* _Exercise aim_
Restate verbatim the span of lines below between the line with "source/terminal maps src, trg, labelling" and the line with "(\<forall>l. \<forall>e\<in>E l.", including those two lines, and only that span.

--- Source information Enclosed Below ---

(* Let $\mathfrak L=(V,E,\lambda,\iota)$ be a $\lambda$-graph system presenting a subshift $\Lambda$. If $\mathfrak L$ is $\lambda$-irreducible then $\mathfrak L$ is $\iota$-irreducible, and if $\mathfrak L$ is $\iota$-irreducible then $\Lambda$ is irreducible.
   Context: A $\lambda$-graph system over a finite alphabet $\Sigma$ is $\mathfrak L=(V,E,\lambda,\iota)$ where $V=\bigsqcup_{l\ge0}V_l$ with $V_l$ finite, $E=\bigsqcup_{l\ge0}E_{l,l+1}$ with each $e\in E_{l,l+1}$ having source $s(e)\in V_l$ and terminal $t(e)\in V_{l+1}$, $\lambda:E\to\Sigma$ a labeling, $\iota:V_{l+1}\to V_l$ surjections, every vertex has an outgoing edge and every vertex of $V_{l+1}$ an incoming edge, and (local property) for $u\in V_{l-1}$, $v\in V_{l+1}$ there is a label-preserving bijection between $\{e\in E_{l,l+1}:t(e)=v,\ \iota(s(e))=u\}$ and $\{e\in E_{l-1,l}:s(e)=u,\ t(e)=\iota(v)\}$. A labeled path is a finite sequence of consecutive edges $e_1,\dots,e_n$ with $e_i\in E_{k+i-1,k+i}$ and $t(e_i)=s(e_{i+1})$; its label is $(\lambda(e_1),\dots,\lambda(e_n))$. The presented subshift $\Lambda$ is the subshift whose admissible words are the labels of labeled paths; a subshift is irreducible if for admissible $\mu,\nu$ there is $\eta$ with $\mu\eta\nu$ admissible. $\iota^n$ denotes the $n$-fold composition of the maps $\iota$. $\mathfrak L$ is $\iota$-irreducible if for any $u,v\in V_l$ and any labeled path $\gamma$ leaving $u$ there exist $n$, a labeled path $\eta$ of length $n$ leaving $v$ with $\iota^n(t(\eta))=u$, and a labeled path $\gamma'$ leaving $t(\eta)$ with $\iota^n(t(\gamma'))=t(\gamma)$ and $\lambda(\gamma')=\lambda(\gamma)$. $\mathfrak L$ is $\lambda$-irreducible if for any ordered pair $u,v\in V_l$ there is $L(u,v)\in\mathbb N$ such that for every $w\in V_{l+L(u,v)}$ with $\iota^{L(u,v)}(w)=u$ there is a labeled path $\gamma$ with $s(\gamma)=v$, $t(\gamma)=w$. *)

theory Defs
  imports Main
begin

text \<open>A lambda-graph system over the finite alphabet Sigma is given by
  vertex levels V l (the set V_l), edge levels E l (the set E_{l,l+1}),
  source/terminal maps src, trg, labelling lab, and the maps iota : V_{l+1} -> V_l
  (all packaged as total functions, only relevant on the respective sets).\<close>

definition lambda_graph_system ::
  "'a set \<Rightarrow> (nat \<Rightarrow> 'v set) \<Rightarrow> (nat \<Rightarrow> 'e set) \<Rightarrow> ('e \<Rightarrow> 'v) \<Rightarrow> ('e \<Rightarrow> 'v)
   \<Rightarrow> ('e \<Rightarrow> 'a) \<Rightarrow> ('v \<Rightarrow> 'v) \<Rightarrow> bool" where
  "lambda_graph_system \<Sigma> V E src trg lab iota \<longleftrightarrow>
     finite \<Sigma> \<and>
     (\<forall>l. finite (V l)) \<and>
     (\<forall>l m. l \<noteq> m \<longrightarrow> V l \<inter> V m = {}) \<and>
     (\<forall>l m. l \<noteq> m \<longrightarrow> E l \<inter> E m = {}) \<and>
     (\<forall>l. \<forall>e\<in>E l. src e \<in> V l \<and> trg e \<in> V (Suc l) \<and> lab e \<in> \<Sigma>) \<and>
     (\<forall>l. iota ` V (Suc l) = V l) \<and>
     (\<forall>l. \<forall>v\<in>V l. \<exists>e\<in>E l. src e = v) \<and>
     (\<forall>l. \<forall>v\<in>V (Suc l). \<exists>e\<in>E l. trg e = v) \<and>
     (\<forall>l. \<forall>u\<in>V l. \<forall>v\<in>V (Suc (Suc l)).
        \<exists>f. bij_betw f {e\<in>E (Suc l). trg e = v \<and> iota (src e) = u}
                       {e\<in>E l. src e = u \<and> trg e = iota v}
            \<and> (\<forall>e\<in>{e\<in>E (Suc l). trg e = v \<and> iota (src e) = u}. lab (f e) = lab e))"

fun lpath :: "(nat \<Rightarrow> 'v set) \<Rightarrow> (nat \<Rightarrow> 'e set) \<Rightarrow> ('e \<Rightarrow> 'v) \<Rightarrow> ('e \<Rightarrow> 'v)
   \<Rightarrow> nat \<Rightarrow> 'v \<Rightarrow> 'e list \<Rightarrow> 'v \<Rightarrow> bool" where
  "lpath V E src trg k v [] w \<longleftrightarrow> v \<in> V k \<and> w = v"
| "lpath V E src trg k v (e # es) w \<longleftrightarrow>
     v \<in> V k \<and> e \<in> E k \<and> src e = v \<and> lpath V E src trg (Suc k) (trg e) es w"

definition admissible_words ::
  "(nat \<Rightarrow> 'v set) \<Rightarrow> (nat \<Rightarrow> 'e set) \<Rightarrow> ('e \<Rightarrow> 'v) \<Rightarrow> ('e \<Rightarrow> 'v) \<Rightarrow> ('e \<Rightarrow> 'a)
   \<Rightarrow> 'a list set" where
  "admissible_words V E src trg lab =
     {map lab es | es k v w. lpath V E src trg k v es w}"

--- End of Enclosed Source information ---

* _Response to the task_
  source/terminal maps src, trg, labelling lab, and the maps iota : V_{l+1} -> V_l
  (all packaged as total functions, only relevant on the respective sets).\<close>

definition lambda_graph_system ::
  "'a set \<Rightarrow> (nat \<Rightarrow> 'v set) \<Rightarrow> (nat \<Rightarrow> 'e set) \<Rightarrow> ('e \<Rightarrow> 'v) \<Rightarrow> ('e \<Rightarrow> 'v)
   \<Rightarrow> ('e \<Rightarrow> 'a) \<Rightarrow> ('v \<Rightarrow> 'v) \<Rightarrow> bool" where
  "lambda_graph_system \<Sigma> V E src trg lab iota \<longleftrightarrow>
     finite \<Sigma> \<and>
     (\<forall>l. finite (V l)) \<and>
     (\<forall>l m. l \<noteq> m \<longrightarrow> V l \<inter> V m = {}) \<and>
     (\<forall>l m. l \<noteq> m \<longrightarrow> E l \<inter> E m = {}) \<and>
     (\<forall>l. \<forall>e\<in>E l. src e \<in> V l \<and> trg e \<in> V (Suc l) \<and> lab e \<in> \<Sigma>) \<and>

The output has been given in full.